(Aim of the exercise):
Begin at the top of the listing below. Write each line out exactly, ending with the line that holds "(Suc m) = 1".

- - - - -

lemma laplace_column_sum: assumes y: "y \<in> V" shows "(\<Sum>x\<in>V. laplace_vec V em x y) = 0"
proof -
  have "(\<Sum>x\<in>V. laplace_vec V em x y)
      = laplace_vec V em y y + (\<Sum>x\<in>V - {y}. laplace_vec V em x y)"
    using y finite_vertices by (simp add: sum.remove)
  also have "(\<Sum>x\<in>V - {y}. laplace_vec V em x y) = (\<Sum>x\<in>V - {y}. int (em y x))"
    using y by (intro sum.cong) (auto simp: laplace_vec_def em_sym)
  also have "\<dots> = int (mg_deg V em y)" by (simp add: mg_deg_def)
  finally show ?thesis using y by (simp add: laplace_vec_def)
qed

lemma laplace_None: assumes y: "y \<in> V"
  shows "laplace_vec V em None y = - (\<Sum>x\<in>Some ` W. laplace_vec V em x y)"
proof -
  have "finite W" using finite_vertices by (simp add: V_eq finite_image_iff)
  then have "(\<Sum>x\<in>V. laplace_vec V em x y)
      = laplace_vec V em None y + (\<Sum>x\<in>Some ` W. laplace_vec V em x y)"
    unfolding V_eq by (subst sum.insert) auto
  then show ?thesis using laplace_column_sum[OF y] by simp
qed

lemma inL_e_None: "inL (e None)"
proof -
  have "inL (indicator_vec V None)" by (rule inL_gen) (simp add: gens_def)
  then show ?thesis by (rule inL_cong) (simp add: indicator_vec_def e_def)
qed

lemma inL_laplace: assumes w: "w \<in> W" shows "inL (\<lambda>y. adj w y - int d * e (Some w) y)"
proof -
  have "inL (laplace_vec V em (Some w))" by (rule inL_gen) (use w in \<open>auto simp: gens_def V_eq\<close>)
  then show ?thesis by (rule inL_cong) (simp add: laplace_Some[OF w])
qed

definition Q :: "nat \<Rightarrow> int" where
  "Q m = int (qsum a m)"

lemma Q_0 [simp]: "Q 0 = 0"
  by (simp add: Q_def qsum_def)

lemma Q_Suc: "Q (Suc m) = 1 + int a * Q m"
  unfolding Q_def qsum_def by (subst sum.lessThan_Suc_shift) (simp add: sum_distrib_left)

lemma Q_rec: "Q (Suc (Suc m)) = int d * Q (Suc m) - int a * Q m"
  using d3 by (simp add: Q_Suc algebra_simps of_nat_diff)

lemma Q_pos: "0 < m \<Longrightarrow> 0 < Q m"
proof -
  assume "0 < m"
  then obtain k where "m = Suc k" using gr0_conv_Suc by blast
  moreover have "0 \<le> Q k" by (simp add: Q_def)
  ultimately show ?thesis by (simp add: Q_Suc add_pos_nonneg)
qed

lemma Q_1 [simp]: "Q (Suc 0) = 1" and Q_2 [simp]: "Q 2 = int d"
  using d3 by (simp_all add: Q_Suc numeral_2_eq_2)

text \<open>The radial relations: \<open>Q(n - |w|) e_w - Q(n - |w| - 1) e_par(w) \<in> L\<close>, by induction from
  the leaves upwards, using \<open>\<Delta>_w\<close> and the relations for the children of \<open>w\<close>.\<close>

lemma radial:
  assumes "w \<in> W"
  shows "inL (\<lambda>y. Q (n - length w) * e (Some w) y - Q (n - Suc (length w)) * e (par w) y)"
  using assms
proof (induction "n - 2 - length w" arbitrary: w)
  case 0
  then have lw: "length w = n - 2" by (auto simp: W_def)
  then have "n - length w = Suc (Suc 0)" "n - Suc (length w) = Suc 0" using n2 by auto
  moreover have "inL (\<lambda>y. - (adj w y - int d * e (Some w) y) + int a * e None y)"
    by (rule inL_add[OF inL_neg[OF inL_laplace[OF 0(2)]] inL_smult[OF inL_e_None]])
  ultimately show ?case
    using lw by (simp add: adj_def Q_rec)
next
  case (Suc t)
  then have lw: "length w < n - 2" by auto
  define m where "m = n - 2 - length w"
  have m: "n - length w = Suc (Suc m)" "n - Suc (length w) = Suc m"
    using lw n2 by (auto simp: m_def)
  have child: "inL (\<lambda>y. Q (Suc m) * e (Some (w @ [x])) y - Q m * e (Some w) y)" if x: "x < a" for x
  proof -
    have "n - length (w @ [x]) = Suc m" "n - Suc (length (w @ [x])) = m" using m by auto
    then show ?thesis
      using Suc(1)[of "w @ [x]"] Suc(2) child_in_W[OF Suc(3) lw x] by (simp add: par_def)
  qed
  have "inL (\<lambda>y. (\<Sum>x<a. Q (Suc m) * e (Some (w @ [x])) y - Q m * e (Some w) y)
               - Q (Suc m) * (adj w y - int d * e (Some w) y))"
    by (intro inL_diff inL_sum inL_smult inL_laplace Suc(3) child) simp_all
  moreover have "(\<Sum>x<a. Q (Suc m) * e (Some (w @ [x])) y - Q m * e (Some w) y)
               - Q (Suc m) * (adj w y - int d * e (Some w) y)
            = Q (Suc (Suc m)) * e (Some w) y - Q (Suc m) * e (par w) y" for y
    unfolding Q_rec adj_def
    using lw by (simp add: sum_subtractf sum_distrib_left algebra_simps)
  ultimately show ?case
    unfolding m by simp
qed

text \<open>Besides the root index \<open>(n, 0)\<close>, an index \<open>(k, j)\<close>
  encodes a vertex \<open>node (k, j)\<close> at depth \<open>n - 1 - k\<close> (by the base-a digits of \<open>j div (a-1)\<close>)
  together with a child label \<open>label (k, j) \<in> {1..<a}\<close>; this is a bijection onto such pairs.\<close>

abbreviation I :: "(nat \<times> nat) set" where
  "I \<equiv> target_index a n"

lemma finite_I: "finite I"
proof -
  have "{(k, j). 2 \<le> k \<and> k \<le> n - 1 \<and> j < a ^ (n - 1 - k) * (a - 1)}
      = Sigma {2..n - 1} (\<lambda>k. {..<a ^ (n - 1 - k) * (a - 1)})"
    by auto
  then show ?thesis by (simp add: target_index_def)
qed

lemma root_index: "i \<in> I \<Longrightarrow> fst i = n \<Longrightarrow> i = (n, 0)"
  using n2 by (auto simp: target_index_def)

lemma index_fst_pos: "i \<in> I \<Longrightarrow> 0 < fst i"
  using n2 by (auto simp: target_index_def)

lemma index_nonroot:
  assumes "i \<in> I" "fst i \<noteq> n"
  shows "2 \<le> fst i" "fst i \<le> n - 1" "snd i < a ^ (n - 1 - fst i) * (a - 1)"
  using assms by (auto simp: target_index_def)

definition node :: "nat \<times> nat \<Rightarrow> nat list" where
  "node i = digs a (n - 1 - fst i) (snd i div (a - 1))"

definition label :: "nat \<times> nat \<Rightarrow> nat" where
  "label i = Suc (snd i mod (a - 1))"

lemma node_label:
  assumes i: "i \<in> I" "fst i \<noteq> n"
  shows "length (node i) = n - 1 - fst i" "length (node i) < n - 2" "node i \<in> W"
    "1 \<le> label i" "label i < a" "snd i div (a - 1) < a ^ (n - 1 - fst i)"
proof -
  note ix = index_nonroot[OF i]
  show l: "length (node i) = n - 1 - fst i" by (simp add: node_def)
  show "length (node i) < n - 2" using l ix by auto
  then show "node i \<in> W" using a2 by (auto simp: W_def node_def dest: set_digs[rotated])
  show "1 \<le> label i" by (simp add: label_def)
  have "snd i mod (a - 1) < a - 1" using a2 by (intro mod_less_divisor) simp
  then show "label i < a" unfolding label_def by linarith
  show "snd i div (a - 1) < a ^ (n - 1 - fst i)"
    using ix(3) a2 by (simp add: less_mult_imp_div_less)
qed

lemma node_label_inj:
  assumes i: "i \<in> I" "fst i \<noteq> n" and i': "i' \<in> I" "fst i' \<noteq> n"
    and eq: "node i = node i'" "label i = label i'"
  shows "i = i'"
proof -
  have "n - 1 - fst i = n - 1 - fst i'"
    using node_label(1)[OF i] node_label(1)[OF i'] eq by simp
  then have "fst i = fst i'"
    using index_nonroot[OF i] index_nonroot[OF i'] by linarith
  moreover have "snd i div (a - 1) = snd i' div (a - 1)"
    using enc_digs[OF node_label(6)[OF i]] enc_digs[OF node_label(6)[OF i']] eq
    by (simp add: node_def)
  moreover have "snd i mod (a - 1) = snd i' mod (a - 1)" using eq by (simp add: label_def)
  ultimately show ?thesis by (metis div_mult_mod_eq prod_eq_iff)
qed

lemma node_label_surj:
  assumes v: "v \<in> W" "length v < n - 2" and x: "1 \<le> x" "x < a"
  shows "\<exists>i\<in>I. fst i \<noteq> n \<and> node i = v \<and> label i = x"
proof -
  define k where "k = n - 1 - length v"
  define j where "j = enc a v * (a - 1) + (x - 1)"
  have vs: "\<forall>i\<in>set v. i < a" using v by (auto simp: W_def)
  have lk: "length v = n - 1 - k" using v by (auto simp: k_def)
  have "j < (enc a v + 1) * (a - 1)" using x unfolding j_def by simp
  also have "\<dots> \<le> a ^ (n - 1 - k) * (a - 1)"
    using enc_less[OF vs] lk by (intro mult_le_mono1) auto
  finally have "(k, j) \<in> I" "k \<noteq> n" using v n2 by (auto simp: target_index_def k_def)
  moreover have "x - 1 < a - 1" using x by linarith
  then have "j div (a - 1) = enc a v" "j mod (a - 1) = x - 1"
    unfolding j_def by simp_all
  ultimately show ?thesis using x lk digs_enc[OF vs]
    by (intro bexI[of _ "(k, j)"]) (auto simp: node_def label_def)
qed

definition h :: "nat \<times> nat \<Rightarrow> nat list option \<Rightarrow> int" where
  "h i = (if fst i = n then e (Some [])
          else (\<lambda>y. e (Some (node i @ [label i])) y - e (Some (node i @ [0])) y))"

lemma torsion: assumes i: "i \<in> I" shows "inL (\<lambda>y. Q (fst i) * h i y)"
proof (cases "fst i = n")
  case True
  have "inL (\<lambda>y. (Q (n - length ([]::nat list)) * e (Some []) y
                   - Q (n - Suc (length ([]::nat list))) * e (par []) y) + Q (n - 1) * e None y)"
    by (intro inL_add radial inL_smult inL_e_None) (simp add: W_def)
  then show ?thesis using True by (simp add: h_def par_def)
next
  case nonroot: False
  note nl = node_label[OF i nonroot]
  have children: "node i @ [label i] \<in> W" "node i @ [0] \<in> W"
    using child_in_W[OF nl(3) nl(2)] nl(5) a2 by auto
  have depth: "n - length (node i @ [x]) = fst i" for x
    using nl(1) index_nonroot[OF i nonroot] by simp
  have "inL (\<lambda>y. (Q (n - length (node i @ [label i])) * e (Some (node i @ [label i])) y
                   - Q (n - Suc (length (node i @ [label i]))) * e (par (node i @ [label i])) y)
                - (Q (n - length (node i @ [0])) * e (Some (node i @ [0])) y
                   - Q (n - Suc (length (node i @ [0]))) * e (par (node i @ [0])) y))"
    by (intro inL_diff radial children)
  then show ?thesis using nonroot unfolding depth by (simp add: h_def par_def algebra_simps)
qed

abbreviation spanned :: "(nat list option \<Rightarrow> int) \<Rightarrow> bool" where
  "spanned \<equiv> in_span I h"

- - - - -

(Output for this exercise):
lemma laplace_column_sum: assumes y: "y \<in> V" shows "(\<Sum>x\<in>V. laplace_vec V em x y) = 0"
proof -
  have "(\<Sum>x\<in>V. laplace_vec V em x y)
      = laplace_vec V em y y + (\<Sum>x\<in>V - {y}. laplace_vec V em x y)"
    using y finite_vertices by (simp add: sum.remove)
  also have "(\<Sum>x\<in>V - {y}. laplace_vec V em x y) = (\<Sum>x\<in>V - {y}. int (em y x))"
    using y by (intro sum.cong) (auto simp: laplace_vec_def em_sym)
  also have "\<dots> = int (mg_deg V em y)" by (simp add: mg_deg_def)
  finally show ?thesis using y by (simp add: laplace_vec_def)
qed

lemma laplace_None: assumes y: "y \<in> V"
  shows "laplace_vec V em None y = - (\<Sum>x\<in>Some ` W. laplace_vec V em x y)"
proof -
  have "finite W" using finite_vertices by (simp add: V_eq finite_image_iff)
  then have "(\<Sum>x\<in>V. laplace_vec V em x y)
      = laplace_vec V em None y + (\<Sum>x\<in>Some ` W. laplace_vec V em x y)"
    unfolding V_eq by (subst sum.insert) auto
  then show ?thesis using laplace_column_sum[OF y] by simp
qed

lemma inL_e_None: "inL (e None)"
proof -
  have "inL (indicator_vec V None)" by (rule inL_gen) (simp add: gens_def)
  then show ?thesis by (rule inL_cong) (simp add: indicator_vec_def e_def)
qed

lemma inL_laplace: assumes w: "w \<in> W" shows "inL (\<lambda>y. adj w y - int d * e (Some w) y)"
proof -
  have "inL (laplace_vec V em (Some w))" by (rule inL_gen) (use w in \<open>auto simp: gens_def V_eq\<close>)
  then show ?thesis by (rule inL_cong) (simp add: laplace_Some[OF w])
qed

definition Q :: "nat \<Rightarrow> int" where
  "Q m = int (qsum a m)"

lemma Q_0 [simp]: "Q 0 = 0"
  by (simp add: Q_def qsum_def)

lemma Q_Suc: "Q (Suc m) = 1 + int a * Q m"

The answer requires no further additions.